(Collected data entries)

lemma binv_shift_sub_iff:
  fixes J :: "'h::{real_inner,complete_space} \<Rightarrow>\<^sub>L 'h"
  assumes "cstruct J" "a \<in> BH J"
  shows "binv J (shift_sub a) \<longleftrightarrow>
    (\<exists>u\<in>l2 J. shift_sub a u = (\<lambda>k. - e0 k)) \<and> (\<forall>v\<in>l2 J. shift_sub a v = (\<lambda>_. 0) \<longrightarrow> v = (\<lambda>_. 0))"
proof (intro iffI conjI)
  assume "(\<exists>u\<in>l2 J. shift_sub a u = (\<lambda>k. - e0 k)) \<and> (\<forall>v\<in>l2 J. shift_sub a v = (\<lambda>_. 0) \<longrightarrow> v = (\<lambda>_. 0))"
  then obtain u where u: "u \<in> l2 J" "shift_sub a u = (\<lambda>k. - e0 k)"
    and inj: "\<forall>v\<in>l2 J. shift_sub a v = (\<lambda>_. 0) \<longrightarrow> v = (\<lambda>_. 0)" by blast
  note inverse = two_sided_inverse_if_solvable_injective[OF assms(2) u inj]
  have "a o\<^sub>L u 0 = id_blinfun" using fun_cong[OF u(2), of 0] by simp
  moreover have "(\<lambda>k. bpow (u 0) (Suc k)) \<in> l2 J" using u(1) inverse(2) by simp
  ultimately show "binv J (shift_sub a)"
    using assms inverse(1) l2_BH[OF u(1)] by (intro binv_shift_sub_if_two_sided_inverse)
qed (use binv_shift_sub_solvable_injective in blast)+

theorem proposition2p3:
  fixes J :: "'h::{real_inner,complete_space} \<Rightarrow>\<^sub>L 'h"
    and B :: "('h \<Rightarrow>\<^sub>L 'h) \<Rightarrow> ('h \<Rightarrow>\<^sub>L 'h)"
  assumes "cstruct J"
    and "\<forall>T\<in>BH J. rinv J T \<longrightarrow> B T \<in> BH J \<and> T o\<^sub>L B T = id_blinfun"
  shows "Aspec J shift = Zset J B \<union> Wset J B \<union> {T \<in> BH J. \<not> rinv J T}"
proof (rule set_eqI)
  fix a
  show "a \<in> Aspec J shift \<longleftrightarrow> a \<in> Zset J B \<union> Wset J B \<union> {T \<in> BH J. \<not> rinv J T}"
  proof (cases "a \<in> BH J")
    case False
    thus ?thesis by (simp add: Aspec_def Zset_def Wset_def)
  next
    case a: True
    have "binv J (shift_sub a) \<longleftrightarrow> rinv J a \<and> a \<notin> Zset J B \<and> a \<notin> Wset J B"
    proof (cases "rinv J a")
      case True
      thus ?thesis using binv_shift_sub_iff[OF assms(1) a]
          Zset_iff[OF assms(2) a True] Wset_iff[OF assms(2) a True] by blast
    next
      case False
      thus ?thesis using binv_shift_sub_iff[OF assms(1) a] rinv_if_shift_sub_eq_minus_e0 by blast
    qed
    with a show ?thesis by (auto simp: Aspec_shift_iff)
  qed
qed

end
text \<open>With the normalisation \<open>\<beta>\<^sub>n = 0\<close>, the Jacobian \<open>F'(\<theta>)\<close> acts on \<open>z = (x, -w)\<close> like a
  weighted bipartite Laplacian: row \<open>i\<close> of \<open>F'(\<theta>) z\<close> is \<open>\<Sum>\<^sub>k v\<^sub>i\<^sub>k (x\<^sub>i - w\<^sub>k)\<close> and column \<open>j\<close> is
  \<open>\<Sum>\<^sub>k v\<^sub>k\<^sub>j (x\<^sub>k - w\<^sub>j)\<close>, with weights \<open>v\<^sub>i\<^sub>j = -f'(\<alpha>\<^sub>i + \<beta>\<^sub>j) \<in> [m, M]\<close>. A maximum principle
  bounds the spread of all \<open>x\<^sub>i, w\<^sub>j\<close> by \<open>O((M/m\<^sup>2 + 1/m) B / n)\<close> when every such sum is at most
  \<open>B\<close> and \<open>M/m = o(n)\<close>. Since \<open>w\<^sub>n = 0\<close>, this bounds \<open>\<parallel>z\<parallel>\<^sub>\<infinity>\<close>; for \<open>B = 0\<close> it shows that
  \<open>F'(\<theta>)\<close> is nonsingular. The missing column equation (\<open>j = n\<close>) is the difference of the
  row and column sums of \<open>F\<close>, i.e. the deviation of \<open>b\<^sub>n\<close>. Finally \<open>B\<close> is the degree deviation
  bound, and \<open>M \<le> e\<^sup>q/q\<^sup>2\<close>, \<open>1/m \<le> e\<^sup>Q\<close> give the rate.\<close>

lemma sum_offdiag_ge:
  fixes u :: "nat \<Rightarrow> real"
  assumes "l < n" and "\<And>k. k < n \<Longrightarrow> k \<noteq> l \<Longrightarrow> m \<le> u k"
  shows "m * (real n - 1) \<le> (\<Sum>k\<in>{..<n}-{l}. u k)"
proof -
  have "m * (real n - 1) = (\<Sum>k\<in>{..<n}-{l}. m)" using assms(1) by (simp add: of_nat_diff)
  also have "\<dots> \<le> (\<Sum>k\<in>{..<n}-{l}. u k)" using assms(2) by (intro sum_mono) auto
  finally show ?thesis .
qed

lemma bipartite_row_gap:
  fixes v :: "nat \<Rightarrow> nat \<Rightarrow> real" and x w :: "nat \<Rightarrow> real"
  assumes n2: "n \<ge> 2" and m: "m > 0" and l: "l < n"
    and vb: "\<And>k. k < n \<Longrightarrow> k \<noteq> l \<Longrightarrow> m \<le> v l k \<and> v l k \<le> M"
    and row: "\<bar>\<Sum>k\<in>{..<n}-{l}. v l k * (x l - w k)\<bar> \<le> B"
    and Tx: "x l \<le> T" and Tw: "\<And>k. k < n \<Longrightarrow> w k \<le> T"
    and S: "(\<Sum>k<n. T - w k) \<le> S"
  shows "T - x l \<le> (M*S + B) / (m*(real n - 1))"
proof -
  have "m \<le> M" using vb[of "if l = 0 then 1 else 0"] n2 by (cases "l = 0") simp_all
  then have M: "M \<ge> 0" using m by simp
  have "(\<Sum>k\<in>{..<n}-{l}. v l k * (T - w k)) \<le> M * (\<Sum>k\<in>{..<n}-{l}. T - w k)"
    unfolding sum_distrib_left using vb Tw by (intro sum_mono mult_right_mono) auto
  also have "\<dots> \<le> M * (\<Sum>k<n. T - w k)" using M Tw by (intro mult_left_mono sum_mono2) auto
  also have "\<dots> \<le> M * S" using S M by (rule mult_left_mono)
  finally have gap: "(\<Sum>k\<in>{..<n}-{l}. v l k * (T - w k)) \<le> M * S" .
  have "(T - x l) * (m * (real n - 1)) \<le> (T - x l) * (\<Sum>k\<in>{..<n}-{l}. v l k)"
    using Tx vb by (intro mult_left_mono sum_offdiag_ge[OF l]) auto
  also have "\<dots> = (\<Sum>k\<in>{..<n}-{l}. v l k * (T - w k)) - (\<Sum>k\<in>{..<n}-{l}. v l k * (x l - w k))"
    by (simp add: sum_distrib_left sum_subtractf[symmetric] algebra_simps)
  also have "\<dots> \<le> M*S + B" using gap row by linarith
  finally show ?thesis using n2 m by (simp add: pos_le_divide_eq)
qed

(Aim of the task)
The expected response is every record, reproduced word for word.

(Answer space)
lemma binv_shift_sub_iff:
  fixes J :: "'h::{real_inner,complete_space} \<Rightarrow>\<^sub>L 'h"
  assumes "cstruct J" "a \<in> BH J"
  shows "binv J (shift_sub a) \<longleftrightarrow>
    (\<exists>u\<in>l2 J. shift_sub a u = (\<lambda>k. - e0 k)) \<and> (\<forall>v\<in>l2 J. shift_sub a v = (\<lambda>_. 0) \<longrightarrow> v = (\<lambda>_. 0))"
proof (intro iffI conjI)
  assume "(\<exists>u\<in>l2 J. shift_sub a u = (\<lambda>k. - e0 k)) \<and> (\<forall>v\<in>l2 J. shift_sub a v = (\<lambda>_. 0) \<longrightarrow> v = (\<lambda>_. 0))"
  then obtain u where u: "u \<in> l2 J" "shift_sub a u = (\<lambda>k. - e0 k)"
    and inj: "\<forall>v\<in>l2 J. shift_sub a v = (\<lambda>_. 0) \<longrightarrow> v = (\<lambda>_. 0)" by blast
  note inverse = two_sided_inverse_if_solvable_injective[OF assms(2) u inj]
  have "a o\<^sub>L u 0 = id_blinfun" using fun_cong[OF u(2), of 0] by simp
  moreover have "(\<lambda>k. bpow (u 0) (Suc k)) \<in> l2 J" using u(1) inverse(2) by simp
  ultimately show "binv J (shift_sub a)"
    using assms inverse(1) l2_BH[OF u(1)] by (intro binv_shift_sub_if_two_sided_inverse)
qed (use binv_shift_sub_solvable_injective in blast)+

theorem proposition2p3:
  fixes J :: "'h::{real_inner,complete_space} \<Rightarrow>\<^sub>L 'h"
    and B :: "('h \<Rightarrow>\<^sub>L 'h) \<Rightarrow> ('h \<Rightarrow>\<^sub>L 'h)"
  assumes "cstruct J"
    and "\<forall>T\<in>BH J. rinv J T \<longrightarrow> B T \<in> BH J \<and> T o\<^sub>L B T = id_blinfun"
  shows "Aspec J shift = Zset J B \<union> Wset J B \<union> {T \<in> BH J. \<not> rinv J T}"
proof (rule set_eqI)
  fix a
  show "a \<in> Aspec J shift \<longleftrightarrow> a \<in> Zset J B \<union> Wset J B \<union> {T \<in> BH J. \<not> rinv J T}"
  proof (cases "a \<in> BH J")
    case False
    thus ?thesis by (simp add: Aspec_def Zset_def Wset_def)
  next
    case a: True
    have "binv J (shift_sub a) \<longleftrightarrow> rinv J a \<and> a \<notin> Zset J B \<and> a \<notin> Wset J B"
    proof (cases "rinv J a")
      case True
      thus ?thesis using binv_shift_sub_iff[OF assms(1) a]
          Zset_iff[OF assms(2) a True] Wset_iff[OF assms(2) a True] by blast
    next
      case False
      thus ?thesis using binv_shift_sub_iff[OF assms(1) a] rinv_if_shift_sub_eq_minus_e0 by blast
    qed
    with a show ?thesis by (auto simp: Aspec_shift_iff)
  qed
qed

end
text \<open>With the normalisation \<open>\<beta>\<^sub>n = 0\<close>, the Jacobian \<open>F'(\<theta>)\<close> acts on \<open>z = (x, -w)\<close> like a
  weighted bipartite Laplacian: row \<open>i\<close> of \<open>F'(\<theta>) z\<close> is \<open>\<Sum>\<^sub>k v\<^sub>i\<^sub>k (x\<^sub>i - w\<^sub>k)\<close> and column \<open>j\<close> is
  \<open>\<Sum>\<^sub>k v\<^sub>k\<^sub>j (x\<^sub>k - w\<^sub>j)\<close>, with weights \<open>v\<^sub>i\<^sub>j = -f'(\<alpha>\<^sub>i + \<beta>\<^sub>j) \<in> [m, M]\<close>. A maximum principle
  bounds the spread of all \<open>x\<^sub>i, w\<^sub>j\<close> by \<open>O((M/m\<^sup>2 + 1/m) B / n)\<close> when every such sum is at most
  \<open>B\<close> and \<open>M/m = o(n)\<close>. Since \<open>w\<^sub>n = 0\<close>, this bounds \<open>\<parallel>z\<parallel>\<^sub>\<infinity>\<close>; for \<open>B = 0\<close> it shows that
  \<open>F'(\<theta>)\<close> is nonsingular. The missing column equation (\<open>j = n\<close>) is the difference of the
  row and column sums of \<open>F\<close>, i.e. the deviation of \<open>b\<^sub>n\<close>. Finally \<open>B\<close> is the degree deviation
  bound, and \<open>M \<le> e\<^sup>q/q\<^sup>2\<close>, \<open>1/m \<le> e\<^sup>Q\<close> give the rate.\<close>

lemma sum_offdiag_ge:
  fixes u :: "nat \<Rightarrow> real"
  assumes "l < n" and "\<And>k. k < n \<Longrightarrow> k \<noteq> l \<Longrightarrow> m \<le> u k"
  shows "m * (real n - 1) \<le> (\<Sum>k\<in>{..<n}-{l}. u k)"
proof -
  have "m * (real n - 1) = (\<Sum>k\<in>{..<n}-{l}. m)" using assms(1) by (simp add: of_nat_diff)
  also have "\<dots> \<le> (\<Sum>k\<in>{..<n}-{l}. u k)" using assms(2) by (intro sum_mono) auto
  finally show ?thesis .
qed

lemma bipartite_row_gap:
  fixes v :: "nat \<Rightarrow> nat \<Rightarrow> real" and x w :: "nat \<Rightarrow> real"
  assumes n2: "n \<ge> 2" and m: "m > 0" and l: "l < n"
    and vb: "\<And>k. k < n \<Longrightarrow> k \<noteq> l \<Longrightarrow> m \<le> v l k \<and> v l k \<le> M"
    and row: "\<bar>\<Sum>k\<in>{..<n}-{l}. v l k * (x l - w k)\<bar> \<le> B"
    and Tx: "x l \<le> T" and Tw: "\<And>k. k < n \<Longrightarrow> w k \<le> T"
    and S: "(\<Sum>k<n. T - w k) \<le> S"
  shows "T - x l \<le> (M*S + B) / (m*(real n - 1))"
proof -
  have "m \<le> M" using vb[of "if l = 0 then 1 else 0"] n2 by (cases "l = 0") simp_all
  then have M: "M \<ge> 0" using m by simp
  have "(\<Sum>k\<in>{..<n}-{l}. v l k * (T - w k)) \<le> M * (\<Sum>k\<in>{..<n}-{l}. T - w k)"
    unfolding sum_distrib_left using vb Tw by (intro sum_mono mult_right_mono) auto
  also have "\<dots> \<le> M * (\<Sum>k<n. T - w k)" using M Tw by (intro mult_left_mono sum_mono2) auto
  also have "\<dots> \<le> M * S" using S M by (rule mult_left_mono)
  finally have gap: "(\<Sum>k\<in>{..<n}-{l}. v l k * (T - w k)) \<le> M * S" .
  have "(T - x l) * (m * (real n - 1)) \<le> (T - x l) * (\<Sum>k\<in>{..<n}-{l}. v l k)"
    using Tx vb by (intro mult_left_mono sum_offdiag_ge[OF l]) auto
  also have "\<dots> = (\<Sum>k\<in>{..<n}-{l}. v l k * (T - w k)) - (\<Sum>k\<in>{..<n}-{l}. v l k * (x l - w k))"
    by (simp add: sum_distrib_left sum_subtractf[symmetric] algebra_simps)
  also have "\<dots> \<le> M*S + B" using gap row by linarith
  finally show ?thesis using n2 m by (simp add: pos_le_divide_eq)
qed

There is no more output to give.